Open Influence vs MoreInfluence

clock Jan 05,2026

Why brands weigh influencer agency options

Choosing the right partner for influencer campaigns can feel risky. You are trusting an outside team with your budget, brand image, and relationships with creators. Many marketers narrow their search to a few well known influencer agencies and then wonder which one actually fits their needs.

You might be comparing these two shops because you want fresh creative ideas, strong creator relationships, and predictable results. You also probably want clarity on pricing, timelines, and who will truly manage the work day to day, not just pitch it.

The goal here is to walk through what each agency tends to focus on, how they usually work with brands, and where each one may or may not be the right fit. Think of this as a straight talk overview so you can ask smarter questions in your next call.

Influencer campaign agency overview

The primary topic here is the influencer campaign agency choice facing brands that want to move beyond one off creator deals and build structured programs. Both agencies support this, but with different histories, strengths, and ways of working.

Instead of obsessing over which agency is “bigger” or has the flashiest client logos, it helps to focus on how each one supports you from strategy through reporting, and what trade offs come with that style. That is what we will unpack.

What each agency is known for

Both agencies operate as full service influencer marketing partners rather than self serve software tools. They blend creative strategy, talent sourcing, contract handling, campaign management, and performance reporting for brands that want more than simple gifting programs.

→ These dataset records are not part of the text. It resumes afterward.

(* Let ${\cal H}_1=(V_1,{\cal E}_1)$ and ${\cal H}_2=(V_2,{\cal E}_2)$ be vertex-disjoint $1$-Sperner hypergraphs and let $z\notin V_1\cup V_2$. Then the gluing ${\cal H}_1\odot{\cal H}_2$ is a $1$-Sperner hypergraph, unless ${\cal E}_1=\{V_1\}$ and ${\cal E}_2=\{\emptyset\}$, in which case ${\cal H}_1\odot{\cal H}_2$ is not Sperner.
   Context: A hypergraph ${\cal H}=(V,{\cal E})$ consists of a finite vertex set $V$ and a set ${\cal E}$ of subsets of $V$ (hyperedges). It is Sperner if no hyperedge properly contains another, and $1$-Sperner if every two distinct hyperedges $e,f$ satisfy $\min\{|e\setminus f|,|f\setminus e|\}=1$ (in particular every hypergraph with at most one hyperedge is $1$-Sperner). Given vertex-disjoint hypergraphs ${\cal H}_1=(V_1,{\cal E}_1)$, ${\cal H}_2=(V_2,{\cal E}_2)$ and a new vertex $z\notin V_1\cup V_2$, the gluing ${\cal H}_1\odot{\cal H}_2$ is the hypergraph with vertex set $V_1\cup V_2\cup\{z\}$ and hyperedge set $\{\{z\}\cup e: e\in{\cal E}_1\}\cup\{V_1\cup e: e\in{\cal E}_2\}$. *)

theory Defs
  imports Main
begin

type_synonym 'a hypergraph = "'a set \<times> 'a set set"

definition hypergraph :: "'a hypergraph \<Rightarrow> bool" where
  "hypergraph H \<longleftrightarrow> finite (fst H) \<and> (\<forall>e\<in>snd H. e \<subseteq> fst H)"

definition sperner :: "'a hypergraph \<Rightarrow> bool" where
  "sperner H \<longleftrightarrow> (\<forall>e\<in>snd H. \<forall>f\<in>snd H. \<not> (e \<subset> f))"

definition one_sperner :: "'a hypergraph \<Rightarrow> bool" where
  "one_sperner H \<longleftrightarrow> (\<forall>e\<in>snd H. \<forall>f\<in>snd H. e \<noteq> f \<longrightarrow>
      min (card (e - f)) (card (f - e)) = 1)"

definition gluing :: "'a hypergraph \<Rightarrow> 'a hypergraph \<Rightarrow> 'a \<Rightarrow> 'a hypergraph" where
  "gluing H1 H2 z = (fst H1 \<union> fst H2 \<union> {z},
      {insert z e | e. e \<in> snd H1} \<union> {fst H1 \<union> e | e. e \<in> snd H2})"

end

theory Submission
  imports Defs
begin

text \<open>Adding z to every edge of H1, or V1 to every edge of H2, leaves pairwise differences
  unchanged, so only mixed pairs z + e, V1 + f need care. For them one difference is {z} and the
  other is (V1 - e) + f, which is empty only if e = V1 and f is empty. A 1-Sperner hypergraph is
  Sperner, so V1 \<in> E1 forces E1 = {V1} and {} \<in> E2 forces E2 = {{}}: exactly the exceptional
  case, where V1 \<subset> z + V1 are both edges.\<close>

lemma one_sperner_imp_sperner: "one_sperner H \<Longrightarrow> sperner H"
  unfolding one_sperner_def sperner_def
  by (metis Diff_eq_empty_iff card.empty min_0L less_le zero_neq_one)

lemma sperner_vertex_set_edge:
  assumes "sperner H" "hypergraph H" "fst H \<in> snd H"
  shows "snd H = {fst H}"
  using assms unfolding sperner_def hypergraph_def by blast

lemma sperner_empty_edge:
  assumes "sperner H" "{} \<in> snd H"
  shows "snd H = {{}}"
  using assms unfolding sperner_def by blast

lemma one_sperner_image:
  assumes "one_sperner (V, E)" and "\<And>e f. e \<in> E \<Longrightarrow> f \<in> E \<Longrightarrow> g e - g f = e - f"
  shows "one_sperner (W, g ` E)"
  using assms unfolding one_sperner_def by (metis image_iff snd_conv)

lemma one_sperner_Un:
  assumes "one_sperner (V, E)" and "one_sperner (W, F)"
    and "\<And>e f. e \<in> E \<Longrightarrow> f \<in> F \<Longrightarrow> e \<noteq> f \<Longrightarrow> min (card (e - f)) (card (f - e)) = 1"
  shows "one_sperner (U, E \<union> F)"
  unfolding one_sperner_def snd_conv
proof (intro ballI impI)
  fix e f assume "e \<in> E \<union> F" "f \<in> E \<union> F" "e \<noteq> f"
  then show "min (card (e - f)) (card (f - e)) = 1"
    using assms(1,2) assms(3)[of e f] assms(3)[of f e]
    unfolding one_sperner_def snd_conv by (metis Un_iff min.commute)
qed

lemma gluing_eq:
  "gluing (V1, E1) (V2, E2) z = (V1 \<union> V2 \<union> {z}, insert z ` E1 \<union> (\<union>) V1 ` E2)"
  by (auto simp: gluing_def)

lemma gluing_mixed_pair:
  assumes "e \<subseteq> V1" "f \<subseteq> V2" "finite V1" "finite V2" "V1 \<inter> V2 = {}" "z \<notin> V1 \<union> V2"
    and "\<not> (e = V1 \<and> f = {})"
  shows "min (card (insert z e - (V1 \<union> f))) (card ((V1 \<union> f) - insert z e)) = 1"
proof -
  have "insert z e - (V1 \<union> f) = {z}" using assms by auto
  moreover have "(V1 \<union> f) - insert z e = (V1 - e) \<union> f" using assms by auto
  moreover have "(V1 - e) \<union> f \<noteq> {}" using assms(1,7) by auto
  moreover have "finite ((V1 - e) \<union> f)" using assms(2-4) finite_subset by auto
  ultimately show ?thesis by (simp add: Suc_le_eq card_gt_0_iff)
qed

theorem proposition2:
  fixes V1 V2 :: "'a set" and E1 E2 :: "'a set set" and z :: 'a
  assumes "hypergraph (V1, E1)" and "hypergraph (V2, E2)"
    and "V1 \<inter> V2 = {}"
    and "one_sperner (V1, E1)" and "one_sperner (V2, E2)"
    and "z \<notin> V1 \<union> V2"
  shows "(\<not> (E1 = {V1} \<and> E2 = {{}}) \<longrightarrow> one_sperner (gluing (V1, E1) (V2, E2) z))
       \<and> (E1 = {V1} \<and> E2 = {{}} \<longrightarrow> \<not> sperner (gluing (V1, E1) (V2, E2) z))"
proof (intro conjI impI)
  have edges: "finite V1" "finite V2" "\<And>e. e \<in> E1 \<Longrightarrow> e \<subseteq> V1" "\<And>f. f \<in> E2 \<Longrightarrow> f \<subseteq> V2"
    using assms(1,2) by (auto simp: hypergraph_def)
  assume nondegenerate: "\<not> (E1 = {V1} \<and> E2 = {{}})"
  have not_both: "\<not> (e = V1 \<and> f = {})" if "e \<in> E1" "f \<in> E2" for e f
    using that nondegenerate assms(1,2,4,5) one_sperner_imp_sperner
      sperner_vertex_set_edge[of "(V1, E1)"] sperner_empty_edge[of "(V2, E2)"] by auto
  have "one_sperner (V1 \<union> V2 \<union> {z}, insert z ` E1)"
    by (rule one_sperner_image[OF assms(4)]) (use edges(3) assms(6) in blast)
  moreover have "one_sperner (V1 \<union> V2 \<union> {z}, (\<union>) V1 ` E2)"
    by (rule one_sperner_image[OF assms(5)]) (use edges(4) assms(3) in blast)
  ultimately show "one_sperner (gluing (V1, E1) (V2, E2) z)"
    unfolding gluing_eq
    by (rule one_sperner_Un) (use gluing_mixed_pair[OF edges(3,4,1,2) assms(3,6) not_both] in auto)
next
  assume "E1 = {V1} \<and> E2 = {{}}"
  moreover have "V1 \<subset> insert z V1" using assms(6) by auto
  ultimately show "\<not> sperner (gluing (V1, E1) (V2, E2) z)"
    unfolding sperner_def gluing_eq by auto
qed

end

They also both tap into large creator pools across platforms like Instagram, TikTok, YouTube, and sometimes emerging channels. Where they differ is in the mix of brand types they serve, creative style, and how hands on they are throughout the process.

Reputation and market perception

Open Influence has built a reputation around combining data informed insights with high polish creative. Many marketers know it for larger scale campaigns with clear storytelling and strong visual direction, especially for consumer brands that care about aesthetics.

MoreInfluence is frequently associated with targeted, performance minded campaign execution. Marketers often reference its focus on matching creators to business goals, rather than just securing the biggest names. This can appeal to teams under pressure to prove ROI.

Shared ground between the two

Both shops typically offer:

  • Influencer strategy and campaign planning
  • Creator discovery and vetting across major social platforms
  • Contracting, compliance, and brief development
  • Day to day management of content production and approvals
  • Reporting on reach, engagement, and campaign outcomes

Because of this shared base, you will likely choose between them based on fit, communication style, and how their strengths match your specific marketing goals.

Inside Open Influence’s approach

Open Influence is often seen as a creative forward influencer partner that pairs storytelling with data backed choices. It has worked with widely recognized consumer brands and tends to position itself as a strategic extension of your marketing team.

Services you can expect

While offer details change, brands usually come to this agency for:

  • End to end influencer campaign planning and execution
  • Creator casting across macro, micro, and niche talent
  • Creative concepting and content direction for social campaigns
  • Paid social amplification of creator content
  • Reporting and insight decks for internal stakeholders

The focus is often on bringing together strong visuals, consistent messaging, and measurable results. Many campaigns sit at the intersection of brand building and performance.

How campaigns tend to run

Brands commonly experience a structured process. Early on, account teams work to understand your brand voice, product priorities, must have messages, and any guardrails for creators. From there they propose a campaign structure, content themes, and sample creator types.

Once aligned, they move into talent outreach, shortlisting, and content briefing. Expect multiple touchpoints for approvals on influencers and creative directions. The agency then oversees timelines, deliverables, posting windows, and usage rights.

Creator relationships and style

Open Influence leans on broad creator relationships, including lifestyle, fashion, beauty, tech, food, and more. The tone skews professional and organized, which many creators appreciate for clarity and timely payments, but some may find less flexible than direct brand work.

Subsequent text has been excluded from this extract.